When an American asks me about a major personality or cultural event in China, I cannot just click on wikipedia.com and show them a concise description. I don't have that luxury. Instead, what I use is a kind of cross-cultural profiling system to help Americans better understand our own celebrities.
For example, the classic fantasy novel Journey to the West (a.k.a. Monkey King) is China's equivalent of The Lord of the Ring and Harry Potter combined. A Dream of the Red Mansions? It has the minutiae of Jane Austin coupled with the grandeur of Shakespeare. I'm sure Cao Xueqin or the Bard did not know the other existed.
Nowadays we are hooked to the global village in the world of television. Supergirls is an imitation of American Idol, which in turn is an imitation of Pop Idol. Let's Shake It borrowed the concept from So You Think You Can Dance. Many more Chinese shows wanted to clone Friends, Sex and the City, Survivor, among others, but flopped.
Chinese people often ask me: Does America have a show like our Spring Festival gala? Well, I stumble: There is The Kennedy Center Honors, which highlights three stars instead of our line-up of 3,000. The New Year countdown at Time Square is certainly more densely populated, but the host Dick Clark is older than Zhao Zhongxiang and Ni Ping combined.
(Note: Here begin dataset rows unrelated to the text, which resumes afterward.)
(* For all $\epsilon\in(0,1/2)$, $\delta\in(0,1)$, all $c,d\in\mathbb{N}^+$ with $c>1$, and all $\gamma>0$, $$G^d_{\mathcal{U}^c\to\mathcal{C}}(\epsilon,\delta,n)\in\Omega(n^{1-\gamma})\quad\text{as } n\to\infty.$$
   Context: Let $\mathcal{B}=\{0,1\}$, let $\mathcal{B}^*$ be the set of finite binary strings and $|h|$ the length of $h\in\mathcal{B}^*$. For $n\in\mathbb{N}^+$, $H^n$ is the set of all functions $\mathcal{B}^n\to\mathcal{B}$ and $\Delta(\mathcal{B}^n)$ the set of probability distributions on $\mathcal{B}^n$. A learning problem is a pair $(f,\mathcal{P})$ with $f\in H^n$, $\mathcal{P}\in\Delta(\mathcal{B}^n)$; an $m$-sample dataset for it is the random sequence $[(x_j,f(x_j))]_{j=1}^m$ with $x_1,\dots,x_m$ i.i.d. $\sim\mathcal{P}$. The accuracy of $\hat f\in H^n$ is $\mathrm{acc}^{\mathcal{P}}_f(\hat f)=\Pr_{x\sim\mathcal{P}}[\hat f(x)=f(x)]$. For $\epsilon\in(0,1/2)$, $\delta\in(0,1)$, an algorithm $\mathcal{A}$ has an $(\epsilon,\delta)$-PAC-learning performance with an $m$-sample dataset on $(f,\mathcal{P})$ if for every $m'\ge m$, with probability at least $1-\delta$ over an $m'$-sample dataset $S$, $\mathrm{acc}^{\mathcal{P}}_f(\mathcal{A}(S))\ge 1-\epsilon$. An interpreter is a Turing machine computing a partial function $\varphi:\mathcal{B}^*\times\mathcal{B}^*\to\mathcal{B}\cup\{\bot\}$, where $\bot$ denotes non-halting (or invalid) output. For $f\in H^n$, $|f|_\varphi=\min\{|h|:\varphi(h,x)=f(x)\ \forall x\in\mathcal{B}^n\}$ ($+\infty$ if no such $h$). The learning algorithm $\mathit{MDL}^\varphi$, on a dataset $[(x_j,y_j)]_{j=1}^m$ with $x_j\in\mathcal{B}^n$, selects $h^*$ of minimal length among all $h$ with $\varphi(h,x_j)=y_j$ for all $j$ and $\varphi(h,x)\neq\bot$ for all $x\in\mathcal{B}^n$ (ties broken arbitrarily) and outputs $x\mapsto\varphi(h^*,x)$ on $\mathcal{B}^n$. $m^{\epsilon,\delta}_\varphi(f,\mathcal{P})$ is the least $m\in\mathbb{N}^+$ such that $\mathit{MDL}^\varphi$ has an $(\epsilon,\delta)$-PAC-learning performance with an $m$-sample dataset on $(f,\mathcal{P})$ ($+\infty$ if none). For interpreters $\varphi,\psi$ and $n,d\in\mathbb{N}^+$, the sample efficiency gain is $G^d_{\varphi\to\psi}(\epsilon,\delta,n)=\sup\{ m^{\epsilon,\delta}_\psi(f,\mathcal{P})/m^{\epsilon,\delta}_\varphi(f,\mathcal{P}) : f\in H^n,\ \mathcal{P}\in\Delta(\mathcal{B}^n),\ |f|_\varphi\le n^d\}$. Turing machines have alphabet $\{0,1,b\}$ ($b$ blank), a finite state set containing an initial state and two final states accept/reject; the output is $1$ if halting in accept, $0$ if halting in reject, $\bot$ otherwise; multi-tape machines have read-only input tapes and read/write work tapes, and the transition function is a finite list of rules. $E(T)$ is a fixed prefix-free binary encoding of a machine $T$ listing its rules (of length at least 2 for every machine). For $c\in\mathbb{N}^+$, $\mathcal{U}^c$ is a time-bounded universal interpreter (a 2-input-tape, 3-work-tape machine): on $(p,x)$ with $n=|x|$, it checks within $n^c$ steps whether $p=E(T)u$ for a two-input-tape machine $T$ and $u\in\mathcal{B}^*$ (outputting $\bot$ if not, or if the check does not finish), then simulates $T$ on $(u,x)$ with an efficient universal simulation (Hennie–Stearns, overhead $O(t\log t)$ for $t$ simulated steps), devoting at most $n^c$ of its own steps to the simulation; it outputs $T$'s output if $T$ halts within this budget and $0$ otherwise. For fixed $p$ it runs in at most $\beta n^c$ steps for a constant $\beta$. In particular, if a Turing machine computes $g:\mathcal{B}^*\to\mathcal{B}$ in time $O(n^{c'})$ with $c'<c$, there is $h\in\mathcal{B}^*$ with $\mathcal{U}^c(h,x)=g(x)$ for all $x$ of sufficiently large length. A Boolean circuit on $n$ inputs is a DAG with a unique sink (output) whose sources are labelled by input indices in $\{1,\dots,n\}$ and whose other vertices (gates) are labelled AND, OR (two incoming edges) or NOT (one incoming edge); its size $|C|$ is its number of vertices. The circuit interpreter $\mathcal{C}$ reads a program $h=0^{\lceil\log_2 n\rceil}1\,[\text{binary expansion of } n]\,0^{|C|}1\,[\text{description of vertex } i]_{i=1}^{|C|}$, each vertex being described by its label and its parents/input index using $\max\{2\lceil\log_2|C|\rceil,\lceil\log_2 n\rceil\}$ bits beyond the label bits, so a circuit $C$ on $n$ inputs has encoding length $L(|C|,n)=2\lceil\log_2 n\rceil+2+|C|(3+\max\{2\lceil\log_2|C|\rceil,\lceil\log_2 n\rceil\})$; $\mathcal{C}(h,x)$ is the circuit's output on $x\in\mathcal{B}^n$, and $\bot$ if $h$ is malformed. Hence $|f|_{\mathcal{C}}=\min\{L(|C|,n): C \text{ computes } f\}$. *)

theory Defs
  imports "HOL-Probability.Probability"
begin

text \<open>Binary strings are bool lists. An interpreter is a partial function
  B* x B* -> B + {bot}; None encodes bot.\<close>

type_synonym interp = "bool list \<Rightarrow> bool list \<Rightarrow> bool option"
type_synonym dataset = "(bool list \<times> bool) list"

definition consistent :: "interp \<Rightarrow> nat \<Rightarrow> dataset \<Rightarrow> bool list \<Rightarrow> bool" where
  "consistent \<phi> n D h \<longleftrightarrow>
     (\<forall>(x,y)\<in>set D. \<phi> h x = Some y) \<and> (\<forall>x. length x = n \<longrightarrow> \<phi> h x \<noteq> None)"

definition mdl_cands :: "interp \<Rightarrow> nat \<Rightarrow> dataset \<Rightarrow> bool list set" where
  "mdl_cands \<phi> n D =
     {h. consistent \<phi> n D h \<and> (\<forall>h'. consistent \<phi> n D h' \<longrightarrow> length h \<le> length h')}"

type_synonym tiebreak = "dataset \<Rightarrow> bool list set \<Rightarrow> bool list"

definition valid_tb :: "tiebreak \<Rightarrow> bool" where
  "valid_tb tb \<longleftrightarrow> (\<forall>D S. S \<noteq> {} \<longrightarrow> tb D S \<in> S)"

definition MDL :: "interp \<Rightarrow> tiebreak \<Rightarrow> nat \<Rightarrow> dataset \<Rightarrow> (bool list \<Rightarrow> bool) option" where
  "MDL \<phi> tb n D =
     (if mdl_cands \<phi> n D = {} then None
      else Some (\<lambda>x. the (\<phi> (tb D (mdl_cands \<phi> n D)) x)))"

definition acc :: "bool list pmf \<Rightarrow> (bool list \<Rightarrow> bool) \<Rightarrow> (bool list \<Rightarrow> bool) \<Rightarrow> real" where
  "acc P f g = measure_pmf.prob P {x. g x = f x}"

definition mk_dataset :: "(bool list \<Rightarrow> bool) \<Rightarrow> nat \<Rightarrow> (nat \<Rightarrow> bool list) \<Rightarrow> dataset" where
  "mk_dataset f m xs = map (\<lambda>j. (xs j, f (xs j))) [0..<m]"

text \<open>m i.i.d. samples from P, as a random function on {..<m}.\<close>
definition samples :: "bool list pmf \<Rightarrow> nat \<Rightarrow> (nat \<Rightarrow> bool list) pmf" where
  "samples P m = Pi_pmf {..<m} [] (\<lambda>_. P)"

definition mdl_success ::
  "interp \<Rightarrow> tiebreak \<Rightarrow> nat \<Rightarrow> (bool list \<Rightarrow> bool) \<Rightarrow> bool list pmf \<Rightarrow> real \<Rightarrow> dataset \<Rightarrow> bool" where
  "mdl_success \<phi> tb n f P \<epsilon> D =
     (case MDL \<phi> tb n D of None \<Rightarrow> False | Some g \<Rightarrow> acc P f g \<ge> 1 - \<epsilon>)"

definition mdl_pac ::
  "interp \<Rightarrow> tiebreak \<Rightarrow> nat \<Rightarrow> (bool list \<Rightarrow> bool) \<Rightarrow> bool list pmf \<Rightarrow> real \<Rightarrow> real \<Rightarrow> nat \<Rightarrow> bool" where
  "mdl_pac \<phi> tb n f P \<epsilon> \<delta> m \<longleftrightarrow>
     (\<forall>m'\<ge>m. measure_pmf.prob (samples P m')
                {xs. mdl_success \<phi> tb n f P \<epsilon> (mk_dataset f m' xs)} \<ge> 1 - \<delta>)"

definition sample_cx ::
  "interp \<Rightarrow> tiebreak \<Rightarrow> nat \<Rightarrow> (bool list \<Rightarrow> bool) \<Rightarrow> bool list pmf \<Rightarrow> real \<Rightarrow> real \<Rightarrow> enat" where
  "sample_cx \<phi> tb n f P \<epsilon> \<delta> =
     (if \<exists>m\<ge>1. mdl_pac \<phi> tb n f P \<epsilon> \<delta> m
      then enat (LEAST m. m \<ge> 1 \<and> mdl_pac \<phi> tb n f P \<epsilon> \<delta> m) else \<infinity>)"

text \<open>|f|_phi for f in H^n (infinity if no program).\<close>
definition desc_len :: "interp \<Rightarrow> nat \<Rightarrow> (bool list \<Rightarrow> bool) \<Rightarrow> enat" where
  "desc_len \<phi> n f = (INF h \<in> {h. \<forall>x. length x = n \<longrightarrow> \<phi> h x = Some (f x)}. enat (length h))"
I heard that in the 1970s, when television sets were scarce in China, we always aired on Lunar New Year's Eve The White-Haired Girl, in which the evil landlord kills the poor farmer and is later killed by a bunch of revolutionary farmers. In the US, the perennial favorite on Christmas Eve is It's a Wonderful Life, about a man who wants to kill himself but is saved by an angel. If we had a comparable feel-good movie, we'd broadcast it repeatedly because we no longer advocate revenge against evil landlords or real-estate developers. We need harmony.
For a while, every Western newspaper would stick the label of "China's Oprah" to every high profile Chinese woman. That, to me, is professional laziness and cultural inertia. Hung Huang is not China's Oprah. The closest she will come to is China's Rosie O'Donnell. Chen Luyu of Pheonix TV must be fuming: She is the one who exchanged a weekly celebrity interview for daily dispensing of chicken-soup and warm fuzzy gossip.
Faye Wong has a certain resemblance to Alanis Morissette, among others, but with a longer shelf life. Supergirl Zhang Liangying is desperately taking on the mantle of Mariah Carey, not realizing how tacky the latter is. Her nemesis Li Yuchun is comfortably in the mode of k.d. lang.
Paris Hilton in the eyes of Americans is almost like what Sister Hibiscus is to Chinese even though they come from disparate family backgrounds. One was born with a silver spoon in her mouth, the other with a broken chopstick. One has a svelte figure while the other tries to fit into the S-shape. But they are both famous for being famous, with no tangible talent to back up their fame or is it notoriety?